This 1963 episode of I've Got A Secret pops up periodically. From this week on Boing Boing to Alex Ross's 2007 blog post searching for Karl Schenzer.
And it is, indeed, pretty interesting. John Cale was recently arrived in New York City--Ross notes that he got a ride down from Tanglewood in Iannis Xenakis's car--and still a couple of years away and a stint under LaMonte Young's sway from forming the Velvet Underground. John Cage enlisted him and some other sympathetic pianists to perform Vexations, an epic 1949 composition by Erik Satie, for the first time. That was Cale's secret.

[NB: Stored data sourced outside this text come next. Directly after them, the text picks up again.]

lemma derivation_unitv:
  assumes n: "1 \<le> n" and d: "is_derivation n d" and i: "1 \<le> i" "i \<le> n"
  shows "d (unitv i) k = (if k = i then of_nat i * d (unitv 1) 1
    else if k = i + 1 \<and> i < n then - d (unitv 0) 1 else 0)"
  using i
proof (induction i arbitrary: k rule: nat_induct_at_least)
  case base
  consider "k = 0" | "k = 1" | "k = 2" "k \<le> n" | "3 \<le> k" "k \<le> n" | "n < k"
    by linarith
  then show ?case
    using derivation_bracket_h_e1[OF n d] derivation_bracket_h_h[OF n d, of "k - 1"]
      linear_onR_unitv_vanishes[OF is_derivation_linear_onR[OF d], of 1 k] n
    by cases auto
next
  case (Suc i)
  have "basis_prod n i 1 = unitv (Suc i)"
    using Suc.hyps Suc.prems by (auto simp: basis_prod_def unitv_def)
  then have step:
      "d (unitv (Suc i)) k = brR n (d (unitv i)) (unitv 1) k + brR n (unitv i) (d (unitv 1)) k" for k
    using derivation_basis_prod[OF d, of i 1] Suc.prems n by (simp add: vadd_def)
  have IH: "d (unitv i) j = (if j = i then of_nat i * d (unitv 1) 1
      else if j = i + 1 \<and> i < n then - d (unitv 0) 1 else 0)" for j
    using Suc.IH Suc.prems by simp
  consider "k = 0" | "k = 1" | "2 \<le> k" "k \<le> n" | "n < k"
    by linarith
  then show ?case
  proof cases
    case 1
    then show ?thesis
      unfolding step using n by (simp add: brR_apply)
  next
    case 2
    then show ?thesis
      unfolding step using n IH[of 0] Suc.hyps derivation_bracket_h_e1(2)[OF n d]
      by (simp add: brR_apply unitv_apply)
  next
    case 3
    then show ?thesis
      unfolding step using n IH[of "k - 1"] Suc.hyps derivation_bracket_h_e1(2)[OF n d]
      by (auto simp: brR_apply unitv_apply algebra_simps)
  next
    case 4
    then show ?thesis
      using linear_onR_unitv_vanishes[OF is_derivation_linear_onR[OF d], of "Suc i" k] Suc.prems
      by auto
  qed
qed

lemma antiderivation_basis_prod:
  assumes "is_antiderivation n D" "i \<le> n" "j \<le> n"
  shows "D (basis_prod n i j) =
    vadd (brR n (D (unitv i)) (unitv j)) (vscale (-1) (brR n (D (unitv j)) (unitv i)))"
  using assms by (metis brR_unitv is_antiderivation_def unitv_in_carrierR)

Schenzer's was that he alone stayed for the entire 18-hour performance.
Of course, Cage himself had appeared on I've Got A Secret in 1960, giving a raucous rendition of his composition, Water Walk, while dressed, typically, like a Methodist minister.
Three years later, Cale and Schenzer also exude a buttoned-up, Cageian seriousness, but what caught my attention was Schenzer's namecheck of the concert's sponsor, the Foundation for Contemporary Performance Arts, which Cage and Jasper Johns had just launched.
By 1963, I guess these folks were becoming better known, and certain of them, particularly Johns and Rauschenberg, were selling a fair amount of artwork. Yet as soon as they had two nickels to rub together, these artists were using the money to support and propagate the work of their fellow artists.
And it really amazes me to think that the cultural factions of the time were still so close together that this avant garde crew could turn up on a network TV game show. John Cage may have turned up at some point in the intervening 30 years, but it's very easy for me to imagine that the first mention of Erik Satie on CBS was also his last.